--- Task item ---
Every line holding "noteq" should be copied from the records below.

--- Excerpted data ---
--------------------
(* In the reduction instance $NTP([a_j]_{j\in A},W)$, every optimal schedule $S^*$ satisfies, for every $k\in A$, $b_{i_k}\in\{0,a_k\}$, where $b_{i_k}$ is the number of employees bumped by the critical employee $i_k$ in $S^*$.
   Context: Reduction instance. Let $N\ge1$, $A=\{1,\dots,N\}$, positive integers $a_1,\dots,a_N$, positive integer $W\le\sum_{j\in A}a_j$. Set $M=N+\sum_{j\in A}a_j+1$, employees $\mathcal E=\{1,\dots,M\}$ (smaller index = more senior). For $k\in A$: $i_k=k+\sum_{j=1}^{k-1}a_j$ (critical employees), $\mathcal E^S_k=\{i: i_k<i\le i_k+a_k\}$ (stable block), $\mathcal E^S=\bigcup_k\mathcal E^S_k$. Response delays: $r_{i_k}=\sum_{j=1}^{k}a_j$; for $i\in\mathcal E^S_k$, $r_i=\sum_{j=1}^{k-1}a_j$; $r_M=\sum_{j\in A}a_j$. Let $C^*_0=2\sum_j a_j$ and $H=C^*_0-W$. A schedule $S=(s_i,e_i)_{i\in\mathcal E}$ has $s_i\ge0$, $e_i=s_i+r_i$; it is feasible if $s_1\le\dots\le s_M$ and $e_i\le H$ for all $i$. $b_i=|\{j: i<j,\ e_j<e_i\}|$ (potential bumps caused by $i$), $B(S)=\sum_i b_i$. A schedule is optimal if it is feasible and minimizes $B(S)$ among feasible schedules. *)

theory Defs
  imports Complex_Main
begin

text \<open>Reduction instance NTP([a_j]_{j in A}, W) with A = {1..N}.
  Employees are 1..M; a schedule is given by start times s :: nat => real
  (only values on {1..M} matter); e_i = s_i + r_i.\<close>

definition psum :: "(nat \<Rightarrow> nat) \<Rightarrow> nat \<Rightarrow> nat" where
  "psum a k = (\<Sum>j=1..k. a j)"

definition numEmp :: "nat \<Rightarrow> (nat \<Rightarrow> nat) \<Rightarrow> nat" where
  "numEmp N a = N + psum a N + 1"

definition crit :: "(nat \<Rightarrow> nat) \<Rightarrow> nat \<Rightarrow> nat" where
  "crit a k = k + psum a (k - 1)"

definition stable_block :: "(nat \<Rightarrow> nat) \<Rightarrow> nat \<Rightarrow> nat set" where
  "stable_block a k = {i. crit a k < i \<and> i \<le> crit a k + a k}"

definition resp :: "nat \<Rightarrow> (nat \<Rightarrow> nat) \<Rightarrow> nat \<Rightarrow> real" where
  "resp N a i =
     (if \<exists>k\<in>{1..N}. i = crit a k
      then real (psum a (THE k. k \<in> {1..N} \<and> i = crit a k))
      else if \<exists>k\<in>{1..N}. i \<in> stable_block a k
      then real (psum a ((THE k. k \<in> {1..N} \<and> i \<in> stable_block a k) - 1))
      else real (psum a N))"
theorem mainTheorem12:
  fixes n :: nat
    and d :: "'f::real_vector \<Rightarrow> 'f"
    and w :: "('a \<times> 'b) list \<Rightarrow> 'f"
    and as :: "'a list" and bs :: "'b list"
  assumes "linear d"
    and "diff_cochain n d w"
    and "as \<noteq> []" and "bs \<noteq> []"
    and "length as \<ge> 2 \<or> length bs \<ge> 2"
  shows "T_op as bs (check_d d w) =
           ((-1::real) ^ (length as + length bs + 1)) *\<^sub>R d (T_op as bs w)
         + (if length as = 1 then 0 else ((-1::real) ^ (length bs + 1)) *\<^sub>R delta_a_T as bs w)
         + (if length bs = 1 then 0 else delta_b_T as bs w)"
  using T_rec_check_d[OF \<open>linear d\<close>, of as bs w] assms(3-5)
  by (auto simp: T_op_eq_T_rec delta_a_T_rec_eq delta_b_T_rec_eq)

end
lemma r_minus_ut_le_col_cut: "r - ut k \<le> col_cut k"
proof (cases "ut k < r")
  case True
  let ?i = "r - ut k"
  have i: "1 \<le> ?i" "?i \<le> r" using True by auto
  have "\<not> k \<le> u (r + 1 - ?i)" using le_u_rev_iff_le_ut[OF i] True by simp
  then have "ut_shift k < w_shift ?i" using neg_u_le_w[OF i] True by linarith
  then show ?thesis using ut_shift_less_w_shift_iff_le_col_cut[OF i] by simp
qed simp

lemma card_w_shift_less_ut_shift:
  assumes k: "1 \<le> k" "k \<le> d - r"
  shows "card {i \<in> {1..r}. w_shift i < ut_shift k} = r - col_cut k"
proof -
  have "w_shift i < ut_shift k \<longleftrightarrow> col_cut k < i" if "1 \<le> i" "i \<le> r" for i
    using ut_shift_less_w_shift_iff_le_col_cut[OF that, of k] w_shift_neq_ut_shift[OF that k]
    by linarith
  then have "{i \<in> {1..r}. w_shift i < ut_shift k} = {col_cut k + 1..r}" by auto
  then show ?thesis by simp
qed

lemma mem_chi_star_skew_minus:
  "(i, j) \<in> chi_star r ` skew_minus \<longleftrightarrow> 1 \<le> i \<and> i \<le> r \<and> (r + 1 - i, 1 - j) \<in> skew_minus"
proof
  assume "(i, j) \<in> chi_star r ` skew_minus"
  then obtain a b where "(a, b) \<in> skew_minus" "(i, j) = chi_star r (a, b)" by auto
  moreover have "1 \<le> a" "a \<le> r"
    using \<open>(a, b) \<in> skew_minus\<close> by (auto simp: skew_minus_def mem_skew)
  ultimately show "1 \<le> i \<and> i \<le> r \<and> (r + 1 - i, 1 - j) \<in> skew_minus"
    by (auto simp: chi_star_def)
next
  assume "1 \<le> i \<and> i \<le> r \<and> (r + 1 - i, 1 - j) \<in> skew_minus"
  moreover have "chi_star r (r + 1 - i, 1 - j) = (i, j)"
    using calculation by (simp add: chi_star_def)
  ultimately show "(i, j) \<in> chi_star r ` skew_minus" by (metis image_eqI)
qed

lemma col_chi_star_skew_minus:
  assumes k: "1 \<le> k" "k \<le> d - r"
  shows "{i. (i, int k) \<in> chi_star r ` skew_minus} = {r + 1 - col_cut k..ut k}"
proof (rule set_eqI)
  fix i
  have "(i, int k) \<in> chi_star r ` skew_minus \<longleftrightarrow>
      1 \<le> i \<and> i \<le> r \<and> row_cut (r + 1 - i) < k \<and> k \<le> u i"
    using mem_chi_star_skew_minus mem_skew_minus_nonpos[of "r + 1 - i" k] k(1) by auto
  also have "\<dots> \<longleftrightarrow> 1 \<le> i \<and> i \<le> r \<and> r + 1 - i \<le> col_cut k \<and> i \<le> ut k"
    using ut_shift_less_w_shift_iff_row_cut_less[of "r + 1 - i" k] k
      ut_shift_less_w_shift_iff_le_col_cut[of "r + 1 - i" k] le_u_iff_le_ut[of i k]
    by auto
  also have "\<dots> \<longleftrightarrow> i \<in> {r + 1 - col_cut k..ut k}"
    using col_cut_le_r[of k] transpose_part_le[of r u k] by auto
  finally show "i \<in> {i. (i, int k) \<in> chi_star r ` skew_minus} \<longleftrightarrow> i \<in> {r + 1 - col_cut k..ut k}"
    by simp
qed
(* Let $p,q\ge 1$ be integers with $p\neq q$ such that $q(2q-p-1)/(q-p)$ is a positive integer. Then the mixed extension of $P_3$ of type $\big(p,\,-q,\,q(2q-p-1)/(q-p)\big)$ and the mixed extension of $P_3$ of type $\big(-q,\,2q-1,\,p(2q-p-1)/(q-p)\big)$ are cospectral (have the same adjacency spectrum).
   Context: Let $P_3$ be the path with vertices $1,2,3$ and edges $\{1,2\},\{2,3\}$. For nonzero integers $t_1,t_2,t_3$, the mixed extension of $P_3$ of type $(t_1,t_2,t_3)$ is the graph whose vertex set is a disjoint union $V_1\cup V_2\cup V_3$ with $|V_i|=|t_i|$, where $V_i$ is a clique if $t_i>0$ and a coclique (independent set) if $t_i<0$, every vertex of $V_2$ is adjacent to every vertex of $V_1\cup V_3$, and there are no edges between $V_1$ and $V_3$. Two graphs are cospectral if their adjacency matrices have the same characteristic polynomial. *)

theory Defs
  imports "Jordan_Normal_Form.Char_Poly"
begin

text \<open>Mixed extension of the path P_3 (vertices 1,2,3, edges {1,2},{2,3}) of type (t1,t2,t3).
 Vertices are 0..<|t1|+|t2|+|t3|; the first |t1| form V_1, the next |t2| form V_2, the rest V_3.\<close>

definition mx_block :: "int \<Rightarrow> int \<Rightarrow> int \<Rightarrow> nat \<Rightarrow> nat" where
  "mx_block t1 t2 t3 v =
     (if v < nat \<bar>t1\<bar> then 1 else if v < nat \<bar>t1\<bar> + nat \<bar>t2\<bar> then 2 else 3)"

definition mx_type :: "int \<Rightarrow> int \<Rightarrow> int \<Rightarrow> nat \<Rightarrow> int" where
  "mx_type t1 t2 t3 b = (if b = 1 then t1 else if b = 2 then t2 else t3)"

definition P3_edge :: "nat \<Rightarrow> nat \<Rightarrow> bool" where
  "P3_edge a b \<longleftrightarrow> {a, b} = {1, 2} \<or> {a, b} = {2, 3}"

definition mx_adj :: "int \<Rightarrow> int \<Rightarrow> int \<Rightarrow> nat \<Rightarrow> nat \<Rightarrow> bool" where
  "mx_adj t1 t2 t3 u v \<longleftrightarrow> u \<noteq> v \<and>
     (let bu = mx_block t1 t2 t3 u; bv = mx_block t1 t2 t3 v in
       (bu = bv \<and> mx_type t1 t2 t3 bu > 0) \<or> P3_edge bu bv)"

definition mixed_ext_P3_adj :: "int \<Rightarrow> int \<Rightarrow> int \<Rightarrow> int mat" where
  "mixed_ext_P3_adj t1 t2 t3 =
     (let n = nat \<bar>t1\<bar> + nat \<bar>t2\<bar> + nat \<bar>t3\<bar> in
      mat n n (\<lambda>(u, v). if mx_adj t1 t2 t3 u v then 1 else 0))"

definition cospectral :: "int mat \<Rightarrow> int mat \<Rightarrow> bool" where
  "cospectral A B \<longleftrightarrow> char_poly A = char_poly B"

end

theory Submission
  imports Defs
begin

text \<open>
  The partition of the vertices into \<open>V\<^sub>1, V\<^sub>2, V\<^sub>3\<close> is equitable. A vector supported on
  one block \<open>V\<^sub>i\<close> with coordinate sum zero is an eigenvector for \<open>-1\<close> (clique) or \<open>0\<close>
  (coclique), which accounts for \<open>|t\<^sub>i| - 1\<close> eigenvalues per block; the remaining three are
  the eigenvalues of the \<open>3 \<times> 3\<close> quotient matrix. We obtain this factorisation of the
  characteristic polynomial for an arbitrary blow-up of a weighted graph by evaluating at all
  but finitely many points, where \<open>det (1 + U V) = det (1 + V U)\<close> reduces the determinant to
  one of size \<open>3 \<times> 3\<close>. Writing \<open>r\<close> and \<open>s\<close> for the third entries of the two types, the
  linear factors agree because \<open>p + r = (2q - 1) + s\<close>, and the characteristic polynomials of
  the two quotient matrices differ by \<open>(x + 2q) (q (2q - p - 1) - r (q - p)) = 0\<close>.
\<close>

lemma det_one_plus_mult_commute:
  fixes U :: "'a::idom mat"
  assumes U: "U \<in> carrier_mat n k" and V: "V \<in> carrier_mat k n"
  shows "det (1\<^sub>m n + U * V) = det (1\<^sub>m k + V * U)"
proof -
  define M where "M = four_block_mat (1\<^sub>m n) (-U) V (1\<^sub>m k)"
  define L where "L = four_block_mat (1\<^sub>m n) U (0\<^sub>m k n) (1\<^sub>m k)"
  have M: "M \<in> carrier_mat (n+k) (n+k)" and L: "L \<in> carrier_mat (n+k) (n+k)"
    unfolding M_def L_def using U V by auto
  have "det L = 1" unfolding L_def
    using det_four_block_mat_lower_left_zero[OF one_carrier_mat[of n] _ refl one_carrier_mat[of k], of U] U
    by simp
  then have "det (L * M) = det (M * L)"
    using det_mult[OF L M] det_mult[OF M L] by simp
  moreover have "L * M = four_block_mat (1\<^sub>m n + U * V) (0\<^sub>m n k) V (1\<^sub>m k)"
    unfolding L_def M_def using U V by (subst mult_four_block_mat) auto
  moreover have "M * L = four_block_mat (1\<^sub>m n) (0\<^sub>m n k) V (1\<^sub>m k + V * U)"
    unfolding L_def M_def using U V by (subst mult_four_block_mat) auto
  ultimately show ?thesis
    using U V by (simp add: det_four_block_mat_upper_right_zero[where n=n and m=k])
qed

lemma det_mat_diag: "det (mat_diag n f) = (\<Prod>i<n. f i)"
  by (subst det_upper_triangular[of _ n]) (auto simp: mat_diag_def prod_list_diag_prod atLeast0LessThan)

lemma det_mat_2: "det (mat 2 2 f) = f (0, 0) * f (1, 1) - f (0, 1) * f (1, 0)"
  by (subst laplace_expansion_row[of _ 2 0])
     (auto simp: eval_nat_numeral cofactor_def mat_delete_def insert_index_def det_single)

lemma det_mat_3:
  "det (mat 3 3 (\<lambda>(i, j). a i j)) =
     a 0 0 * (a 1 1 * a 2 2 - a 1 2 * a 2 1)
   - a 0 1 * (a 1 0 * a 2 2 - a 1 2 * a 2 0)
   + a 0 2 * (a 1 0 * a 2 1 - a 1 1 * a 2 0)"
  by (subst laplace_expansion_row[of _ 3 0])
     (auto simp: eval_nat_numeral cofactor_def mat_delete_def insert_index_def
        det_mat_2[unfolded numeral_2_eq_2] algebra_simps)

lemma det_diag_minus_blowup:
  fixes d :: "nat \<Rightarrow> 'a::field" and m :: "nat \<Rightarrow> nat \<Rightarrow> 'a"
  assumes blk: "\<And>u. u < n \<Longrightarrow> blk u < k" and d: "\<And>j. j < k \<Longrightarrow> d j \<noteq> 0"
  defines "c j \<equiv> card {u. u < n \<and> blk u = j}"
  shows "det (mat n n (\<lambda>(u, v). (if u = v then d (blk u) else 0) - m (blk u) (blk v)))
         * (\<Prod>j<k. d j)
       = (\<Prod>j<k. d j ^ c j)
         * det (mat k k (\<lambda>(i, j). (if i = j then d i else 0) - m i j * of_nat (c j)))"
proof -
  text \<open>With \<open>P\<close> the \<open>n \<times> k\<close> block indicator matrix and \<open>\<Lambda> = diag (d \<circ> blk)\<close>, the left matrix
    is \<open>\<Lambda> (1 + W V)\<close> for \<open>W = \<Lambda>\<inverse> P\<close> and \<open>V = - M P\<^sup>T\<close>.\<close>
  define W where "W = mat n k (\<lambda>(u, j). if blk u = j then 1 / d j else 0)"
  define V where "V = mat k n (\<lambda>(i, v). - m i (blk v))"
  have W: "W \<in> carrier_mat n k" and V: "V \<in> carrier_mat k n"
    unfolding W_def V_def by auto
  have WV: "(1\<^sub>m n + W * V) $$ (u, v) = (if u = v then 1 else 0) - m (blk u) (blk v) / d (blk u)"
    if "u < n" "v < n" for u v
    using that blk[OF \<open>u < n\<close>]
    by (simp add: W_def V_def scalar_prod_def atLeast0LessThan sum_negf
        if_distrib[of "\<lambda>x. x * _"] cong: if_cong)
  have VW: "(1\<^sub>m k + V * W) $$ (i, j) = (if i = j then 1 else 0) - m i j * of_nat (c j) / d j"
    if "i < k" "j < k" for i j
  proof -
    have "(V * W) $$ (i, j) = (\<Sum>u<n. if blk u = j then - m i j / d j else 0)"
      using that by (auto simp: W_def V_def scalar_prod_def atLeast0LessThan intro!: sum.cong)
    also have "\<dots> = (\<Sum>u\<in>{u \<in> {..<n}. blk u = j}. - m i j / d j)"
      by (rule sum.inter_filter[symmetric]) simp
    finally show ?thesis
      using that V W by (simp add: c_def)
  qed
  have left: "mat n n (\<lambda>(u, v). (if u = v then d (blk u) else 0) - m (blk u) (blk v))
      = mat_diag n (\<lambda>u. d (blk u)) * (1\<^sub>m n + W * V)"
    using W V blk d
    by (subst mat_diag_mult_left[of _ n n]) (auto intro!: eq_matI simp: WV field_simps)
  have right: "mat k k (\<lambda>(i, j). (if i = j then d i else 0) - m i j * of_nat (c j))
      = (1\<^sub>m k + V * W) * mat_diag k d"
    using W V d
    by (subst mat_diag_mult_right[of _ k k]) (auto intro!: eq_matI simp: VW field_simps)
  have "(\<Prod>u<n. d (blk u)) = (\<Prod>j<k. \<Prod>u\<in>{u. u < n \<and> blk u = j}. d (blk u))"
    using blk by (subst prod.group[symmetric, where g = blk and T = "{..<k}"]) auto
  also have "\<dots> = (\<Prod>j<k. d j ^ c j)"
    by (simp add: c_def)
  finally show ?thesis
    unfolding left right using W V
    by (simp add: det_mult[of _ n] det_mult[of _ k] det_mat_diag det_one_plus_mult_commute[OF W V])
qed
lemma H2_shifted_series_sums:
  assumes "real s < \<alpha>"
  shows "(\<lambda>n. H2 (real (Suc n) + \<alpha>) / (real (Suc n) + real s) - H2 (real (Suc n)) / real (Suc n)) sums
           ((\<alpha> - real s) * (H3 (\<alpha> - real s) / (\<alpha> - real s)
              - (\<Sum>j=1..s. H2 (\<alpha> + real j - real s) / (real j * (\<alpha> + real j - real s))))
            - H3 \<alpha> / 3)"
proof -
  define x where "x = \<alpha> - real s"
  define S where "S = (\<Sum>j=1..s. H2 (\<alpha> + real j - real s) / (real j * (\<alpha> + real j - real s)))"
  define u where "u m = H2 (real (Suc m)) / real (Suc m)" for m
  have "0 < x" using assms by (simp add: x_def)
  have "(\<lambda>n. H3_series_term x (n + s)) sums (2 / 3 * H3 x - (\<Sum>i<s. H3_series_term x i))"
    using H3_series_sums[of x] \<open>0 < x\<close> by (simp add: sums_iff_shift)
  moreover have "(\<lambda>n. u n - u (n + s)) sums (\<Sum>i<s. u i)"
    unfolding u_def using LIMSEQ_Suc[OF H2_div_tendsto_0] by (intro sums_diff_shift) simp
  ultimately have series: "(\<lambda>n. H3_series_term x (n + s) - (u n - u (n + s))) sums
                     (2 / 3 * H3 x - (\<Sum>i<s. H3_series_term x i) - (\<Sum>i<s. u i))"
    by (rule sums_diff)
  have "H3_series_term x (n + s) - (u n - u (n + s))
      = H2 (real (Suc n) + \<alpha>) / (real (Suc n) + real s) - H2 (real (Suc n)) / real (Suc n)" for n
    unfolding H3_series_term_def u_def x_def by (simp add: diff_divide_distrib add_ac)
  moreover have "(\<Sum>i<s. H3_series_term x i) + (\<Sum>i<s. u i) = (\<Sum>j=1..s. H2 (x + real j) / real j)"
    unfolding H3_series_term_def u_def sum.distrib[symmetric]
    by (simp add: sum.atLeast1_atMost_eq diff_divide_distrib)
  moreover have "x * S = (\<Sum>j=1..s. H2 (x + real j) / real j) - (\<Sum>j=1..s. H2 (x + real j) / (x + real j))"
    unfolding S_def sum_distrib_left sum_subtractf[symmetric] using \<open>0 < x\<close>
    by (intro sum.cong) (auto simp: x_def field_simps)
  moreover have "(\<Sum>j=1..s. H2 (x + real j) / (x + real j)) = (H3 \<alpha> - H3 x) / 3"
    using sum_H2_div_shift[of x s] \<open>0 < x\<close> by (simp add: x_def)
  moreover have "x * (H3 x / x - S) = H3 x - x * S" using \<open>0 < x\<close> by (simp add: right_diff_distrib)
  ultimately have "2 / 3 * H3 x - (\<Sum>i<s. H3_series_term x i) - (\<Sum>i<s. u i) = x * (H3 x / x - S) - H3 \<alpha> / 3"
    and "(\<lambda>n. H3_series_term x (n + s) - (u n - u (n + s)))
         = (\<lambda>n. H2 (real (Suc n) + \<alpha>) / (real (Suc n) + real s) - H2 (real (Suc n)) / real (Suc n))"
    by auto
  with series show ?thesis unfolding x_def S_def by simp
qed

theorem theorem2p6:
  fixes r k :: nat and \<alpha> :: real
  assumes "real k < \<alpha>" and "r < k"
  shows "(\<lambda>n. (H (real (Suc n) + \<alpha>) ^ 2 + shifted_harm 2 (real (Suc n) + \<alpha>))
              / ((real (Suc n) + real r) * (real (Suc n) + real k)))
         sums
         ((real k - \<alpha>) / (real k - real r) *
            ((H (\<alpha> - real k) ^ 3 + 3 * H (\<alpha> - real k) * shifted_harm 2 (\<alpha> - real k)
                + 2 * shifted_harm 3 (\<alpha> - real k)) / (\<alpha> - real k)
             - (\<Sum>j=1..k. (H (\<alpha> + real j - real k) ^ 2 + shifted_harm 2 (\<alpha> + real j - real k))
                  / (real j * (\<alpha> + real j - real k))))
        + (\<alpha> - real r) / (real k - real r) *
            ((H (\<alpha> - real r) ^ 3 + 3 * H (\<alpha> - real r) * shifted_harm 2 (\<alpha> - real r)
                + 2 * shifted_harm 3 (\<alpha> - real r)) / (\<alpha> - real r)
             - (\<Sum>j=1..r. (H (\<alpha> + real j - real r) ^ 2 + shifted_harm 2 (\<alpha> + real j - real r))
                  / (real j * (\<alpha> + real j - real r)))))"
proof -
  let ?T = "\<lambda>s n. H2 (real (Suc n) + \<alpha>) / (real (Suc n) + real s) - H2 (real (Suc n)) / real (Suc n)"
  let ?B = "\<lambda>s. H3 (\<alpha> - real s) / (\<alpha> - real s)
                  - (\<Sum>j=1..s. H2 (\<alpha> + real j - real s) / (real j * (\<alpha> + real j - real s)))"
  have "real r < \<alpha>" using assms by linarith
  from sums_divide[OF sums_diff[OF H2_shifted_series_sums[OF this] H2_shifted_series_sums[OF assms(1)]]]
  have "(\<lambda>n. (?T r n - ?T k n) / (real k - real r)) sums
          (((\<alpha> - real r) * ?B r - H3 \<alpha> / 3 - ((\<alpha> - real k) * ?B k - H3 \<alpha> / 3)) / (real k - real r))" .
  moreover have "(?T r n - ?T k n) / (real k - real r)
      = H2 (real (Suc n) + \<alpha>) / ((real (Suc n) + real r) * (real (Suc n) + real k))" for n
    using partial_fraction_pair[of "real (Suc n) + real r" "real (Suc n) + real k"] assms by simp
  moreover have "((\<alpha> - real r) * ?B r - H3 \<alpha> / 3 - ((\<alpha> - real k) * ?B k - H3 \<alpha> / 3)) / (real k - real r)
      = (real k - \<alpha>) / (real k - real r) * ?B k + (\<alpha> - real r) / (real k - real r) * ?B r"
  proof -
    have "(a * B - c - (b * B' - c)) / K = (- b) / K * B' + a / K * B" for a b c B B' K :: real
      by (simp add: diff_divide_distrib)
    from this[of "\<alpha> - real r" "?B r" "H3 \<alpha> / 3" "\<alpha> - real k" "?B k" "real k - real r"]
    show ?thesis by simp
  qed
  ultimately show ?thesis unfolding H2_def H3_def by simp
qed

end
lemma HWulff_closure_pointed_bipolar:
  assumes W: "W \<in> HWulff_closure P" and P: "P \<in> sph"
  shows "W \<in> pointed_bipolar P"
proof -
  note Ws = HWulff_closureD[OF W]
  have "P \<in> spolar W" using HWulff_closure_inner_nonneg[OF W P] P by (simp add: spolar_iff)
  moreover have "spolar (spolar W) = W"
    using Ws spolar_spolar_eq convex_cone_over_HWulff_closure[OF W] by blast
  ultimately show ?thesis using Ws pole_in_HWulff_closure[OF W P] by (simp add: pointed_bipolar_def)
qed

lemma spolar_HWulff_closure:
  assumes W: "W \<in> HWulff_closure P" and P: "P \<in> sph"
  shows "spolar W \<in> HWulff_closure P"
proof -
  have G: "W \<in> pointed_bipolar P" by (rule HWulff_closure_pointed_bipolar[OF W P])
  have "\<exists>V\<in>HWulff P. hdist (spolar W) V < e" if "e > 0" for e
  proof -
    obtain V where V: "V \<in> HWulff P" "hdist W V < e"
      using W \<open>e > 0\<close> by (auto simp: HWulff_closure_def)
    then have "hdist (spolar W) (spolar V) < e"
      using hdist_spolar[OF G HWulff_pointed_bipolar[OF V(1) P]] by simp
    then show ?thesis using spolar_HWulff[OF V(1) P] by blast
  qed
  moreover have "spolar W \<in> Hsets"
    using G by (auto simp: pointed_bipolar_def Hsets_def spolar_subset_sph closed_spolar)
  ultimately show ?thesis by (simp add: HWulff_closure_def)
qed

theorem theorem1:
  fixes P :: "'a::euclidean_space"
  assumes "DIM('a) \<ge> 2"
    and "P \<in> sph"
  shows "bij_betw spolar (HWulff P) (HWulff P)
         \<and> (\<forall>W1\<in>HWulff P. \<forall>W2\<in>HWulff P. hdist (spolar W1) (spolar W2) = hdist W1 W2)
         \<and> bij_betw spolar (HWulff_closure P) (HWulff_closure P)
         \<and> (\<forall>W1\<in>HWulff_closure P. \<forall>W2\<in>HWulff_closure P.
               hdist (spolar W1) (spolar W2) = hdist W1 W2)"
proof -
  have Wulff: "HWulff P \<subseteq> pointed_bipolar P"
    using HWulff_pointed_bipolar assms(2) by blast
  have closure: "HWulff_closure P \<subseteq> pointed_bipolar P"
    using HWulff_closure_pointed_bipolar assms(2) by blast
  show ?thesis
    using bij_betw_spolar[OF Wulff spolar_HWulff[OF _ assms(2)]]
      bij_betw_spolar[OF closure spolar_HWulff_closure[OF _ assms(2)]]
      hdist_spolar Wulff closure
    by blast
qed

end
--------------------
--- Response to this exercise ---
    and "as \<noteq> []" and "bs \<noteq> []"
  "mx_adj t1 t2 t3 u v \<longleftrightarrow> u \<noteq> v \<and>
  assumes blk: "\<And>u. u < n \<Longrightarrow> blk u < k" and d: "\<And>j. j < k \<Longrightarrow> d j \<noteq> 0"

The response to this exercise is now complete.